(Brief):
Reproduce all records word for word.

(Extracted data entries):

# # # #

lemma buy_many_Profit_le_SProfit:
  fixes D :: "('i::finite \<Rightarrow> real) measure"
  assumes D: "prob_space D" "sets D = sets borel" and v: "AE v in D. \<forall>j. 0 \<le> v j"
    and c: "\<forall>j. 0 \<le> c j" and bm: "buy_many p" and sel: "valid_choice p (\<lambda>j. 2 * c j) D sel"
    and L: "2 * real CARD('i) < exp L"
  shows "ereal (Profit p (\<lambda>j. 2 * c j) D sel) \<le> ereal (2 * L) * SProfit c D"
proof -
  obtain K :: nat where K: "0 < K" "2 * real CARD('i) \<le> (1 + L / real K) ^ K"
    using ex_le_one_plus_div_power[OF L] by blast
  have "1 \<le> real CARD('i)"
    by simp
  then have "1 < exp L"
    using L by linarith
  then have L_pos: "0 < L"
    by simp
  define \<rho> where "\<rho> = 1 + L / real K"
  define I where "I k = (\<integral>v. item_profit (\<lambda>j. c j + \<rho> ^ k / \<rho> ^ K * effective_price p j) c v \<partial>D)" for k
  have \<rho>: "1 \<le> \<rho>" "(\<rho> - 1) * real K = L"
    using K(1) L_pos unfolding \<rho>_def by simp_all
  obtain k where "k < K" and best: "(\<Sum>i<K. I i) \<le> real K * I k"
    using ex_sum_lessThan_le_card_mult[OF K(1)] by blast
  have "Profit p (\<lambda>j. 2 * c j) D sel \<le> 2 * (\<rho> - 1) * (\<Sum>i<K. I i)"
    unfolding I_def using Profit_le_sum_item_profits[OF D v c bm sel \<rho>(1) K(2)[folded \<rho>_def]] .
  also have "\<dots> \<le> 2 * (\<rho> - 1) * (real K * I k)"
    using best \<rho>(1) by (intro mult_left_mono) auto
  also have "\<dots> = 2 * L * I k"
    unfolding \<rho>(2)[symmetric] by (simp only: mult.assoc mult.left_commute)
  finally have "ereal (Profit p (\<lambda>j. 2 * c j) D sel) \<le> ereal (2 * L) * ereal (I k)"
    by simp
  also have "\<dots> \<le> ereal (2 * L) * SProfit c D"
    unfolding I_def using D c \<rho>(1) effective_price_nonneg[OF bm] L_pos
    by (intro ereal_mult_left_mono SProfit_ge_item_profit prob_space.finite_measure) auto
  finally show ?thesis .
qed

# # # #

(Solution to this exercise):
lemma buy_many_Profit_le_SProfit:
  fixes D :: "('i::finite \<Rightarrow> real) measure"
  assumes D: "prob_space D" "sets D = sets borel" and v: "AE v in D. \<forall>j. 0 \<le> v j"
    and c: "\<forall>j. 0 \<le> c j" and bm: "buy_many p" and sel: "valid_choice p (\<lambda>j. 2 * c j) D sel"
    and L: "2 * real CARD('i) < exp L"
  shows "ereal (Profit p (\<lambda>j. 2 * c j) D sel) \<le> ereal (2 * L) * SProfit c D"
proof -
  obtain K :: nat where K: "0 < K" "2 * real CARD('i) \<le> (1 + L / real K) ^ K"
    using ex_le_one_plus_div_power[OF L] by blast
  have "1 \<le> real CARD('i)"
    by simp
  then have "1 < exp L"
    using L by linarith
  then have L_pos: "0 < L"
    by simp
  define \<rho> where "\<rho> = 1 + L / real K"
  define I where "I k = (\<integral>v. item_profit (\<lambda>j. c j + \<rho> ^ k / \<rho> ^ K * effective_price p j) c v \<partial>D)" for k
  have \<rho>: "1 \<le> \<rho>" "(\<rho> - 1) * real K = L"
    using K(1) L_pos unfolding \<rho>_def by simp_all
  obtain k where "k < K" and best: "(\<Sum>i<K. I i) \<le> real K * I k"
    using ex_sum_lessThan_le_card_mult[OF K(1)] by blast
  have "Profit p (\<lambda>j. 2 * c j) D sel \<le> 2 * (\<rho> - 1) * (\<Sum>i<K. I i)"
    unfolding I_def using Profit_le_sum_item_profits[OF D v c bm sel \<rho>(1) K(2)[folded \<rho>_def]] .
  also have "\<dots> \<le> 2 * (\<rho> - 1) * (real K * I k)"
    using best \<rho>(1) by (intro mult_left_mono) auto
  also have "\<dots> = 2 * L * I k"
    unfolding \<rho>(2)[symmetric] by (simp only: mult.assoc mult.left_commute)
  finally have "ereal (Profit p (\<lambda>j. 2 * c j) D sel) \<le> ereal (2 * L) * ereal (I k)"
    by simp
  also have "\<dots> \<le> ereal (2 * L) * SProfit c D"
    unfolding I_def using D c \<rho>(1) effective_price_nonneg[OF bm] L_pos
    by (intro ereal_mult_left_mono SProfit_ge_item_profit prob_space.finite_measure) auto
  finally show ?thesis .
qed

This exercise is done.